A: When it comes to encoding data in any of the Hadoop-optimized formats, such as Avro and Parquet, there are great open-source libraries available for practically any programming language known to humankind. Converting data stored somewhere else (for example in the database) to the Avro or Parquet datasets and storing them in the distributed file system can be performed using home-grown tools or (preferred) a good ETL tool, which can connect to any source, map, transform, and store data in the Hadoop cluster. Below are some of the any-to-any ETL tools which support various sources, Avro and Parquet as a destination format, and Hadoop Distributed File System (HDFS) as a destination:

  • Etlworks
  • Talend
  • Informatica

The other trend is real-time data streaming that uses distributed platforms such as Apache Kafka. The Alooma enterprise pipeline is a good example of the service, which can be used to stream large datasets to analytical platforms using datasets encoded as Avro or Parquet.
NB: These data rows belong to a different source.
(* Let $(\mathcal{P},d)$ be a 1-2-metric and $\alpha>0$. In the greedy-routing network creation game on $(\mathcal{P},d)$ with edge price $\alpha$, every Nash equilibrium is a social optimum, and every social optimum is a Nash equilibrium.
   Context: A 1-2-metric is a finite metric space $(\mathcal{P},d)$ with $d(u,v)\in\{1,2\}$ for all distinct $u,v$. Game: the agents are the points of $\mathcal{P}$ ($n=|\mathcal{P}|\ge2$). A strategy of agent $u$ is a set $S_u\subseteq\mathcal{P}\setminus\{u\}$; a strategy profile is $\mathbf{s}=(S_u)_{u\in\mathcal{P}}$, and $(S'_u,\mathbf{s}_{-u})$ denotes $\mathbf{s}$ with $S_u$ replaced by $S'_u$. The profile defines the directed network $G(\mathbf{s})$ on $\mathcal{P}$ with arcs $(u,v)$ for $v\in S_u$, arc $(u,v)$ having length $d(u,v)$. A greedy path from $u$ to $v$ in $G$ is a directed path $u=x_1,\dots,x_j=v$ of arcs of $G$ with $d(x_i,v)>d(x_{i+1},v)$ for all $i$; its length is the sum of its arc lengths. $\mathrm{stretch}_{G}(u,v)$ equals the minimum length of a greedy path from $u$ to $v$ divided by $d(u,v)$ if such a path exists, and equals $Z$ otherwise, where $Z$ is a fixed, sufficiently large penalty constant. The cost of agent $u$ is $c_u(\mathbf{s})=\sum_{v\neq u}\mathrm{stretch}_{G(\mathbf{s})}(u,v)+\alpha|S_u|$, the social cost is $\sum_u c_u(\mathbf{s})$, and a social optimum is a profile of minimum social cost. A Nash equilibrium (NE) is a profile $\mathbf{s}$ such that $c_u(\mathbf{s})\le c_u(S'_u,\mathbf{s}_{-u})$ for every agent $u$ and every $S'_u\subseteq\mathcal{P}\setminus\{u\}$. *)

theory Defs
  imports Complex_Main
begin

definition one_two_metric :: "'a set \<Rightarrow> ('a \<Rightarrow> 'a \<Rightarrow> real) \<Rightarrow> bool" where
  "one_two_metric P d \<longleftrightarrow>
     (\<forall>u\<in>P. d u u = 0) \<and>
     (\<forall>u\<in>P. \<forall>v\<in>P. d u v = d v u) \<and>
     (\<forall>u\<in>P. \<forall>v\<in>P. u \<noteq> v \<longrightarrow> d u v \<in> {1, 2}) \<and>
     (\<forall>u\<in>P. \<forall>v\<in>P. \<forall>w\<in>P. d u w \<le> d u v + d v w)"

definition valid_profile :: "'a set \<Rightarrow> ('a \<Rightarrow> 'a set) \<Rightarrow> bool" where
  "valid_profile P s \<longleftrightarrow> (\<forall>u\<in>P. s u \<subseteq> P - {u})"

definition greedy_path ::
  "'a set \<Rightarrow> ('a \<Rightarrow> 'a \<Rightarrow> real) \<Rightarrow> ('a \<Rightarrow> 'a set) \<Rightarrow> 'a \<Rightarrow> 'a \<Rightarrow> 'a list \<Rightarrow> bool" where
  "greedy_path P d s u v xs \<longleftrightarrow>
     xs \<noteq> [] \<and> hd xs = u \<and> last xs = v \<and> set xs \<subseteq> P \<and>
     (\<forall>i. Suc i < length xs \<longrightarrow>
          xs ! Suc i \<in> s (xs ! i) \<and> d (xs ! Suc i) v < d (xs ! i) v)"

definition path_length :: "('a \<Rightarrow> 'a \<Rightarrow> real) \<Rightarrow> 'a list \<Rightarrow> real" where
  "path_length d xs = (\<Sum>i<length xs - 1. d (xs ! i) (xs ! Suc i))"

definition stretch ::
  "real \<Rightarrow> 'a set \<Rightarrow> ('a \<Rightarrow> 'a \<Rightarrow> real) \<Rightarrow> ('a \<Rightarrow> 'a set) \<Rightarrow> 'a \<Rightarrow> 'a \<Rightarrow> real" where
  "stretch Z P d s u v =
     (if \<exists>xs. greedy_path P d s u v xs
      then Min {path_length d xs | xs. greedy_path P d s u v xs} / d u v
      else Z)"

definition agent_cost ::
  "real \<Rightarrow> real \<Rightarrow> 'a set \<Rightarrow> ('a \<Rightarrow> 'a \<Rightarrow> real) \<Rightarrow> ('a \<Rightarrow> 'a set) \<Rightarrow> 'a \<Rightarrow> real" where
  "agent_cost Z \<alpha> P d s u =
     (\<Sum>v\<in>P - {u}. stretch Z P d s u v) + \<alpha> * real (card (s u))"

definition social_cost ::
  "real \<Rightarrow> real \<Rightarrow> 'a set \<Rightarrow> ('a \<Rightarrow> 'a \<Rightarrow> real) \<Rightarrow> ('a \<Rightarrow> 'a set) \<Rightarrow> real" where
  "social_cost Z \<alpha> P d s = (\<Sum>u\<in>P. agent_cost Z \<alpha> P d s u)"

definition social_optimum ::
  "real \<Rightarrow> real \<Rightarrow> 'a set \<Rightarrow> ('a \<Rightarrow> 'a \<Rightarrow> real) \<Rightarrow> ('a \<Rightarrow> 'a set) \<Rightarrow> bool" where
  "social_optimum Z \<alpha> P d s \<longleftrightarrow> valid_profile P s \<and>
     (\<forall>s'. valid_profile P s' \<longrightarrow> social_cost Z \<alpha> P d s \<le> social_cost Z \<alpha> P d s')"

definition nash_equilibrium ::
  "real \<Rightarrow> real \<Rightarrow> 'a set \<Rightarrow> ('a \<Rightarrow> 'a \<Rightarrow> real) \<Rightarrow> ('a \<Rightarrow> 'a set) \<Rightarrow> bool" where
  "nash_equilibrium Z \<alpha> P d s \<longleftrightarrow> valid_profile P s \<and>
     (\<forall>u\<in>P. \<forall>S'. S' \<subseteq> P - {u} \<longrightarrow>
        agent_cost Z \<alpha> P d s u \<le> agent_cost Z \<alpha> P d (s(u := S')) u)"

end

theory Submission imports Defs begin

text \<open>In a 1-2-metric every greedy step towards v lowers the distance to v by at least 1, so
  after the first arc the remaining distance is at most 1 and the rest of a greedy path is a
  single arc of length 1. Hence if all unit arcs are present, the greedy paths of agent u, and so
  its cost, depend on its own strategy only, and the social cost is a sum of decoupled agent costs:
  best responses and social optimisation coincide. A missing unit arc costs the penalty Z, whereas
  buying every arc costs at most n(1 + \<alpha>); so for Z large both equilibria and optima contain all
  unit arcs.\<close>

locale one_two_metric_space =
  fixes P :: "'a set" and d :: "'a \<Rightarrow> 'a \<Rightarrow> real"
  assumes finite_points: "finite P" and metric: "one_two_metric P d"
begin

lemma dist_self: "x \<in> P \<Longrightarrow> d x x = 0"
  using metric by (simp add: one_two_metric_def)

lemma dist_distinct: "x \<in> P \<Longrightarrow> y \<in> P \<Longrightarrow> x \<noteq> y \<Longrightarrow> d x y = 1 \<or> d x y = 2"
  using metric by (auto simp add: one_two_metric_def)

lemma dist_cases: "x \<in> P \<Longrightarrow> y \<in> P \<Longrightarrow> d x y = 0 \<or> d x y = 1 \<or> d x y = 2"
  by (cases "x = y") (auto dest: dist_self dist_distinct)

lemma dist_nonneg: "x \<in> P \<Longrightarrow> y \<in> P \<Longrightarrow> 0 \<le> d x y"
  using dist_cases by fastforce

lemma dist_less_imp_le_diff_1:
  "x \<in> P \<Longrightarrow> y \<in> P \<Longrightarrow> v \<in> P \<Longrightarrow> d y v < d x v \<Longrightarrow> d y v \<le> d x v - 1"
  using dist_cases[of x v] dist_cases[of y v] by auto

lemma dist_less_1_imp_eq: "y \<in> P \<Longrightarrow> v \<in> P \<Longrightarrow> d y v < 1 \<Longrightarrow> y = v"
  by (cases "y = v") (auto dest: dist_distinct)

lemma greedy_path_nth_mem: "greedy_path P d s u v xs \<Longrightarrow> i < length xs \<Longrightarrow> xs ! i \<in> P"
  unfolding greedy_path_def by (meson nth_mem subsetD)

lemma greedy_path_nth_0: "greedy_path P d s u v xs \<Longrightarrow> xs ! 0 = u"
  unfolding greedy_path_def by (metis hd_conv_nth)

lemma greedy_path_step:
  "greedy_path P d s u v xs \<Longrightarrow> Suc i < length xs \<Longrightarrow>
     xs ! Suc i \<in> s (xs ! i) \<and> d (xs ! Suc i) v < d (xs ! i) v"
  unfolding greedy_path_def by blast

lemma greedy_path_dist_le:
  assumes "u \<in> P" "v \<in> P" and path: "greedy_path P d s u v xs" and "i < length xs"
  shows "d (xs ! i) v \<le> d u v - real i"
  using \<open>i < length xs\<close>
proof (induction i)
  case 0
  then show ?case using greedy_path_nth_0[OF path] by simp
next
  case (Suc i)
  have "d (xs ! Suc i) v \<le> d (xs ! i) v - 1"
    using Suc.prems greedy_path_step[OF path] greedy_path_nth_mem[OF path] \<open>v \<in> P\<close>
    by (intro dist_less_imp_le_diff_1) auto
  with Suc show ?case by simp
qed

lemma greedy_path_length_le:
  assumes "u \<in> P" "v \<in> P" and path: "greedy_path P d s u v xs"
  shows "length xs \<le> 3"
proof -
  let ?i = "length xs - 1"
  have "xs \<noteq> []" using path by (simp add: greedy_path_def)
  then have "?i < length xs" by simp
  then have "0 \<le> d u v - real ?i"
    using greedy_path_dist_le[OF assms] dist_nonneg[OF greedy_path_nth_mem[OF path] \<open>v \<in> P\<close>]
    by (meson order_trans)
  moreover have "d u v \<le> 2" using dist_cases[OF \<open>u \<in> P\<close> \<open>v \<in> P\<close>] by auto
  ultimately show ?thesis by linarith
qed

lemma finite_greedy_paths:
  assumes "u \<in> P" "v \<in> P"
  shows "finite {xs. greedy_path P d s u v xs}"
proof (rule finite_subset[OF _ finite_lists_length_le[OF finite_points, of 3]])
  show "{xs. greedy_path P d s u v xs} \<subseteq> {xs. set xs \<subseteq> P \<and> length xs \<le> 3}"
    using greedy_path_length_le[OF assms] by (auto simp: greedy_path_def)
qed

lemma finite_greedy_path_lengths:
  "u \<in> P \<Longrightarrow> v \<in> P \<Longrightarrow> finite {path_length d xs | xs. greedy_path P d s u v xs}"
  using finite_greedy_paths by (simp add: setcompr_eq_image)

lemma greedy_path_arc:
  assumes "u \<in> P" "v \<in> P" "u \<noteq> v" "v \<in> s u"
  shows "greedy_path P d s u v [u, v]"
  using assms dist_self[OF \<open>v \<in> P\<close>] dist_distinct[OF \<open>u \<in> P\<close> \<open>v \<in> P\<close>]
  unfolding greedy_path_def by (auto simp: less_Suc_eq)

text \<open>A greedy path to v at distance 1 must start with the arc to v itself.\<close>
lemma no_greedy_path_if_unit_arc_missing:
  assumes "u \<in> P" "v \<in> P" "d u v = 1" "v \<notin> s u"
  shows "\<not> greedy_path P d s u v xs"
proof
  assume path: "greedy_path P d s u v xs"
  have "u \<noteq> v" using assms dist_self by auto
  then have "Suc 0 < length xs"
    using path by (cases xs) (auto simp: greedy_path_def)
  then have "xs ! 1 \<in> s u" "d (xs ! 1) v < 1"
    using greedy_path_step[OF path, of 0] greedy_path_nth_0[OF path] assms by auto
  moreover have "xs ! 1 = v"
    using dist_less_1_imp_eq[OF greedy_path_nth_mem[OF path \<open>Suc 0 < length xs\<close>] \<open>v \<in> P\<close>] calculation
    by simp
  ultimately show False using assms by simp
qed

definition has_unit_arcs :: "'a set \<Rightarrow> ('a \<Rightarrow> 'a set) \<Rightarrow> bool" where
  "has_unit_arcs A s \<longleftrightarrow> (\<forall>x\<in>A. \<forall>v\<in>P. d x v = 1 \<longrightarrow> v \<in> s x)"

text \<open>Beyond its first arc, a greedy path only uses a unit arc into its target.\<close>
lemma greedy_path_transfer:
  assumes "u \<in> P" "v \<in> P" and unit: "has_unit_arcs (P - {u}) s'" and same: "s u = s' u"
    and path: "greedy_path P d s u v xs"
  shows "greedy_path P d s' u v xs"
  unfolding greedy_path_def
proof (intro conjI allI impI)
  show "xs \<noteq> []" "hd xs = u" "last xs = v" "set xs \<subseteq> P" using path by (auto simp: greedy_path_def)
  fix i assume i: "Suc i < length xs"
  note step = greedy_path_step[OF path i]
  then show "d (xs ! Suc i) v < d (xs ! i) v" by simp
  show "xs ! Suc i \<in> s' (xs ! i)"
  proof (cases i)
    case 0
    then show ?thesis using step greedy_path_nth_0[OF path] same by simp
  next
    case (Suc j)
    have mem: "xs ! i \<in> P" "xs ! Suc i \<in> P" using greedy_path_nth_mem[OF path] i by auto
    have le: "d (xs ! i) v \<le> d u v - 1"
      using greedy_path_dist_le[OF assms(1,2) path, of i] i Suc by simp
    then have "d (xs ! i) v \<le> 1" using dist_cases[OF \<open>u \<in> P\<close> \<open>v \<in> P\<close>] by auto
    moreover have "0 < d (xs ! i) v" using dist_nonneg[OF mem(2) \<open>v \<in> P\<close>] step by simp
    ultimately have unit_dist: "d (xs ! i) v = 1" using dist_cases[OF mem(1) \<open>v \<in> P\<close>] by auto
    have "xs ! Suc i = v" using dist_less_1_imp_eq[OF mem(2) \<open>v \<in> P\<close>] step unit_dist by simp
    moreover have "xs ! i \<noteq> u" using le by auto
    ultimately show ?thesis using unit mem \<open>v \<in> P\<close> unit_dist unfolding has_unit_arcs_def by blast
  qed
qed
Additionally, there is a growing list of tools which can be used to inject data into the column-based data warehouses, built for the cloud, such as Snowflake and Amazon Redshift. Depending on your requirements you might consider the following tools:

  • Matillion ETL
  • Etlworks Integrator
  • AWS Glue

Finally, selecting the best format for the job is not something any tool should be automatically doing for you, but having multiple options is a must. The ability to experiment and prototype with different formats and storage options, as well as injection techniques (batch load, streaming, SQL, etc.) is why a good ETL tool goes a long way. It saves you time, money and provides a peace of mind.

Q: What are your thoughts on the best practices for finding the balance between identifying the most efficient data structures for a given analytics use case, and quickly experimenting with different analytics use cases?

A: This article describes how Uber went from the general use database, to JSON-encoded datasets, to the Hadoop-based big data platform. Granted, not all business require something as extreme, so common sense is your best friend. A typical relational database such as MySQL or PostgreSQL is perfectly capable of storing and processing relatively large analytical datasets (millions of records). Models with hundreds of millions and billions of records require specialized solutions, using either column-based data warehouses or Hadoop-like clusters with a parallel file system.